lemma vr_poly_ideal_generator:
  fixes C :: "'a::field vr poly set"
  assumes C: "is_ideal C" and "c\<^sub>\<sigma> \<in> C" "sigma_poly c\<^sub>\<sigma> \<noteq> 0" and "c\<^sub>\<tau> \<in> C" "tau_poly c\<^sub>\<tau> \<noteq> 0"
  shows "\<exists>g\<in>C. lead_coeff (sigma_poly g) = 1 \<and> lead_coeff (tau_poly g) = 1 \<and> (\<forall>c\<in>C. g dvd c)"
proof -
  have surj: "surj sigma_poly" "surj tau_poly"
    by (rule surjI[of _ "\<lambda>f. vr_poly_join f f"], simp)+
  have ideals: "is_ideal (sigma_poly ` C)" "is_ideal (tau_poly ` C)"
    using surj by (intro is_ideal_image_surj_hom[OF C];
        simp add: sigma_poly_add sigma_poly_mult tau_poly_add tau_poly_mult)+
  obtain h\<^sub>1 where
    h\<^sub>1: "h\<^sub>1 \<in> sigma_poly ` C" "lead_coeff h\<^sub>1 = 1" "\<forall>f\<in>sigma_poly ` C. h\<^sub>1 dvd f"
    using poly_ideal_monic_generator[OF ideals(1) imageI[OF assms(2)] assms(3)] by blast
  obtain h\<^sub>2 where
    h\<^sub>2: "h\<^sub>2 \<in> tau_poly ` C" "lead_coeff h\<^sub>2 = 1" "\<forall>f\<in>tau_poly ` C. h\<^sub>2 dvd f"
    using poly_ideal_monic_generator[OF ideals(2) imageI[OF assms(4)] assms(5)] by blast
  obtain c\<^sub>1 c\<^sub>2 where c: "c\<^sub>1 \<in> C" "h\<^sub>1 = sigma_poly c\<^sub>1" "c\<^sub>2 \<in> C" "h\<^sub>2 = tau_poly c\<^sub>2"
    using h\<^sub>1(1) h\<^sub>2(1) by blast
  define e :: "'a vr poly" where "e = vr_poly_join 1 0"
  define g where "g = vr_poly_join h\<^sub>1 h\<^sub>2"
  have "g = e * c\<^sub>1 + (1 - e) * c\<^sub>2"
    by (rule vr_poly_eqI) (simp_all add: g_def e_def c sigma_poly_add tau_poly_add
        sigma_poly_mult tau_poly_mult sigma_poly_diff tau_poly_diff)
  then have "g \<in> C" using C c unfolding is_ideal_def by simp
  moreover have "\<forall>c\<in>C. g dvd c" using h\<^sub>1(3) h\<^sub>2(3) by (simp add: g_def vr_poly_dvd_iff)
  ultimately show ?thesis using h\<^sub>1(2) h\<^sub>2(2) unfolding g_def by (metis sigma_poly_join tau_poly_join)
qed

lemma is_ideal_eq_generated_mod:
  fixes C :: "'a::comm_ring_1 set"
  assumes C: "is_ideal C" and "g \<in> C" "N \<in> C" "g dvd N"
  shows "C = {g * q + N * r | q r. True} \<longleftrightarrow> (\<forall>c\<in>C. g dvd c)"
proof
  assume "C = {g * q + N * r | q r. True}"
  then show "\<forall>c\<in>C. g dvd c" using \<open>g dvd N\<close> by (auto intro!: dvd_add dvd_mult2)
next
  assume dvd: "\<forall>c\<in>C. g dvd c"
  show "C = {g * q + N * r | q r. True}"
  proof
    show "C \<subseteq> {g * q + N * r | q r. True}"
    proof
      fix c assume "c \<in> C"
      then obtain k where "c = g * k" using dvd by (meson dvdE)
      then show "c \<in> {g * q + N * r | q r. True}" by (intro CollectI exI[of _ k] exI[of _ 0]) simp
    qed
    show "{g * q + N * r | q r. True} \<subseteq> C"
    proof
      fix x assume "x \<in> {g * q + N * r | q r. True}"
      then obtain q r where x: "x = q * g + r * N" by (auto simp: mult.commute)
      show "x \<in> C" using C \<open>g \<in> C\<close> \<open>N \<in> C\<close> unfolding x is_ideal_def by blast
    qed
  qed
qed

lemma lead_coeff_monom_minus_const:
  fixes c :: "'a::comm_ring_1"
  assumes "n > 0" shows "lead_coeff (monom 1 n - [:c:]) = 1"
proof -
  have "lead_coeff ([:- c:] + monom 1 n) = 1"
    using assms by (subst lead_coeff_add_le) (simp_all add: degree_monom_eq)
  moreover have "monom 1 n - [:c:] = [:- c:] + monom 1 n" by simp
  ultimately show ?thesis by metis
qed

theorem corollary3p8:
  fixes p n :: nat and lam mu :: "'a::{field,finite}" and C :: "'a vr poly set"
  assumes "prime p" and "odd p" and "CARD('a) = p" and "n > 0"
    and "(emb lam + vv * emb mu) dvd 1"
    and "is_ideal C"
    and "monom 1 n - [:emb lam + vv * emb mu:] \<in> C"
  shows "\<exists>!g. g \<in> C
           \<and> C = {g * q + (monom 1 n - [:emb lam + vv * emb mu:]) * r | q r. True}
           \<and> lead_coeff (map_poly sigma g) = 1 \<and> lead_coeff (map_poly tau g) = 1
           \<and> g dvd (monom 1 n - [:emb lam + vv * emb mu:])"
proof -
  define N where "N = monom 1 n - [:emb lam + vv * emb mu:]"
  have "N \<in> C" using assms(7) by (simp add: N_def)
  have "sigma_poly N = monom 1 n - [:sigma (emb lam + vv * emb mu):]"
    "tau_poly N = monom 1 n - [:tau (emb lam + vv * emb mu):]"
    by (simp_all add: N_def sigma_poly_diff tau_poly_diff map_poly_monom map_poly_pCons)
  then have N_monic: "lead_coeff (sigma_poly N) = 1" "lead_coeff (tau_poly N) = 1"
    by (metis lead_coeff_monom_minus_const[OF \<open>n > 0\<close>])+
  then have "sigma_poly N \<noteq> 0" "tau_poly N \<noteq> 0" by auto
  then obtain g where g: "g \<in> C" "lead_coeff (sigma_poly g) = 1" "lead_coeff (tau_poly g) = 1"
    "\<forall>c\<in>C. g dvd c"
    using vr_poly_ideal_generator[OF \<open>is_ideal C\<close> \<open>N \<in> C\<close> _ \<open>N \<in> C\<close>] by blast
  have "g dvd N" using g(4) \<open>N \<in> C\<close> by blast
  show ?thesis
    unfolding N_def[symmetric]
  proof (rule ex1I[of _ g])
    show "g \<in> C \<and> C = {g * q + N * r | q r. True}
      \<and> lead_coeff (sigma_poly g) = 1 \<and> lead_coeff (tau_poly g) = 1 \<and> g dvd N"
      using g \<open>g dvd N\<close> is_ideal_eq_generated_mod[OF \<open>is_ideal C\<close> g(1) \<open>N \<in> C\<close>] by blast
  next
    fix g' assume g': "g' \<in> C \<and> C = {g' * q + N * r | q r. True}
      \<and> lead_coeff (sigma_poly g') = 1 \<and> lead_coeff (tau_poly g') = 1 \<and> g' dvd N"
    then have "\<forall>c\<in>C. g' dvd c"
      using is_ideal_eq_generated_mod[OF \<open>is_ideal C\<close> _ \<open>N \<in> C\<close>] by blast
    then show "g' = g" using g g' by (intro vr_poly_associated_eq) auto
  qed
qed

--

◆ WHAT YOU HAVE TO DO: Restate all the material above, keeping each word as it is.

◆ PROBLEM SOLUTION:
lemma vr_poly_ideal_generator:
  fixes C :: "'a::field vr poly set"
  assumes C: "is_ideal C" and "c\<^sub>\<sigma> \<in> C" "sigma_poly c\<^sub>\<sigma> \<noteq> 0" and "c\<^sub>\<tau> \<in> C" "tau_poly c\<^sub>\<tau> \<noteq> 0"
  shows "\<exists>g\<in>C. lead_coeff (sigma_poly g) = 1 \<and> lead_coeff (tau_poly g) = 1 \<and> (\<forall>c\<in>C. g dvd c)"
proof -
  have surj: "surj sigma_poly" "surj tau_poly"
    by (rule surjI[of _ "\<lambda>f. vr_poly_join f f"], simp)+
  have ideals: "is_ideal (sigma_poly ` C)" "is_ideal (tau_poly ` C)"
    using surj by (intro is_ideal_image_surj_hom[OF C];
        simp add: sigma_poly_add sigma_poly_mult tau_poly_add tau_poly_mult)+
  obtain h\<^sub>1 where
    h\<^sub>1: "h\<^sub>1 \<in> sigma_poly ` C" "lead_coeff h\<^sub>1 = 1" "\<forall>f\<in>sigma_poly ` C. h\<^sub>1 dvd f"
    using poly_ideal_monic_generator[OF ideals(1) imageI[OF assms(2)] assms(3)] by blast
  obtain h\<^sub>2 where
    h\<^sub>2: "h\<^sub>2 \<in> tau_poly ` C" "lead_coeff h\<^sub>2 = 1" "\<forall>f\<in>tau_poly ` C. h\<^sub>2 dvd f"
    using poly_ideal_monic_generator[OF ideals(2) imageI[OF assms(4)] assms(5)] by blast
  obtain c\<^sub>1 c\<^sub>2 where c: "c\<^sub>1 \<in> C" "h\<^sub>1 = sigma_poly c\<^sub>1" "c\<^sub>2 \<in> C" "h\<^sub>2 = tau_poly c\<^sub>2"
    using h\<^sub>1(1) h\<^sub>2(1) by blast
  define e :: "'a vr poly" where "e = vr_poly_join 1 0"
  define g where "g = vr_poly_join h\<^sub>1 h\<^sub>2"
  have "g = e * c\<^sub>1 + (1 - e) * c\<^sub>2"
    by (rule vr_poly_eqI) (simp_all add: g_def e_def c sigma_poly_add tau_poly_add
        sigma_poly_mult tau_poly_mult sigma_poly_diff tau_poly_diff)
  then have "g \<in> C" using C c unfolding is_ideal_def by simp
  moreover have "\<forall>c\<in>C. g dvd c" using h\<^sub>1(3) h\<^sub>2(3) by (simp add: g_def vr_poly_dvd_iff)
  ultimately show ?thesis using h\<^sub>1(2) h\<^sub>2(2) unfolding g_def by (metis sigma_poly_join tau_poly_join)
qed

lemma is_ideal_eq_generated_mod:
  fixes C :: "'a::comm_ring_1 set"
  assumes C: "is_ideal C" and "g \<in> C" "N \<in> C" "g dvd N"
  shows "C = {g * q + N * r | q r. True} \<longleftrightarrow> (\<forall>c\<in>C. g dvd c)"
proof
  assume "C = {g * q + N * r | q r. True}"
  then show "\<forall>c\<in>C. g dvd c" using \<open>g dvd N\<close> by (auto intro!: dvd_add dvd_mult2)
next
  assume dvd: "\<forall>c\<in>C. g dvd c"
  show "C = {g * q + N * r | q r. True}"
  proof
    show "C \<subseteq> {g * q + N * r | q r. True}"
    proof
      fix c assume "c \<in> C"
      then obtain k where "c = g * k" using dvd by (meson dvdE)
      then show "c \<in> {g * q + N * r | q r. True}" by (intro CollectI exI[of _ k] exI[of _ 0]) simp
    qed
    show "{g * q + N * r | q r. True} \<subseteq> C"
    proof
      fix x assume "x \<in> {g * q + N * r | q r. True}"
      then obtain q r where x: "x = q * g + r * N" by (auto simp: mult.commute)
      show "x \<in> C" using C \<open>g \<in> C\<close> \<open>N \<in> C\<close> unfolding x is_ideal_def by blast
    qed
  qed
qed

lemma lead_coeff_monom_minus_const:
  fixes c :: "'a::comm_ring_1"
  assumes "n > 0" shows "lead_coeff (monom 1 n - [:c:]) = 1"
proof -
  have "lead_coeff ([:- c:] + monom 1 n) = 1"
    using assms by (subst lead_coeff_add_le) (simp_all add: degree_monom_eq)
  moreover have "monom 1 n - [:c:] = [:- c:] + monom 1 n" by simp
  ultimately show ?thesis by metis
qed

theorem corollary3p8:
  fixes p n :: nat and lam mu :: "'a::{field,finite}" and C :: "'a vr poly set"
  assumes "prime p" and "odd p" and "CARD('a) = p" and "n > 0"
    and "(emb lam + vv * emb mu) dvd 1"
    and "is_ideal C"
    and "monom 1 n - [:emb lam + vv * emb mu:] \<in> C"
  shows "\<exists>!g. g \<in> C
           \<and> C = {g * q + (monom 1 n - [:emb lam + vv * emb mu:]) * r | q r. True}
           \<and> lead_coeff (map_poly sigma g) = 1 \<and> lead_coeff (map_poly tau g) = 1
           \<and> g dvd (monom 1 n - [:emb lam + vv * emb mu:])"
proof -
  define N where "N = monom 1 n - [:emb lam + vv * emb mu:]"
  have "N \<in> C" using assms(7) by (simp add: N_def)
  have "sigma_poly N = monom 1 n - [:sigma (emb lam + vv * emb mu):]"
    "tau_poly N = monom 1 n - [:tau (emb lam + vv * emb mu):]"
    by (simp_all add: N_def sigma_poly_diff tau_poly_diff map_poly_monom map_poly_pCons)
  then have N_monic: "lead_coeff (sigma_poly N) = 1" "lead_coeff (tau_poly N) = 1"
    by (metis lead_coeff_monom_minus_const[OF \<open>n > 0\<close>])+
  then have "sigma_poly N \<noteq> 0" "tau_poly N \<noteq> 0" by auto
  then obtain g where g: "g \<in> C" "lead_coeff (sigma_poly g) = 1" "lead_coeff (tau_poly g) = 1"
    "\<forall>c\<in>C. g dvd c"
    using vr_poly_ideal_generator[OF \<open>is_ideal C\<close> \<open>N \<in> C\<close> _ \<open>N \<in> C\<close>] by blast
  have "g dvd N" using g(4) \<open>N \<in> C\<close> by blast
  show ?thesis
    unfolding N_def[symmetric]
  proof (rule ex1I[of _ g])
    show "g \<in> C \<and> C = {g * q + N * r | q r. True}
      \<and> lead_coeff (sigma_poly g) = 1 \<and> lead_coeff (tau_poly g) = 1 \<and> g dvd N"
      using g \<open>g dvd N\<close> is_ideal_eq_generated_mod[OF \<open>is_ideal C\<close> g(1) \<open>N \<in> C\<close>] by blast
  next
    fix g' assume g': "g' \<in> C \<and> C = {g' * q + N * r | q r. True}
      \<and> lead_coeff (sigma_poly g') = 1 \<and> lead_coeff (tau_poly g') = 1 \<and> g' dvd N"
    then have "\<forall>c\<in>C. g' dvd c"
      using is_ideal_eq_generated_mod[OF \<open>is_ideal C\<close> _ \<open>N \<in> C\<close>] by blast
    then show "g' = g" using g g' by (intro vr_poly_associated_eq) auto
  qed
qed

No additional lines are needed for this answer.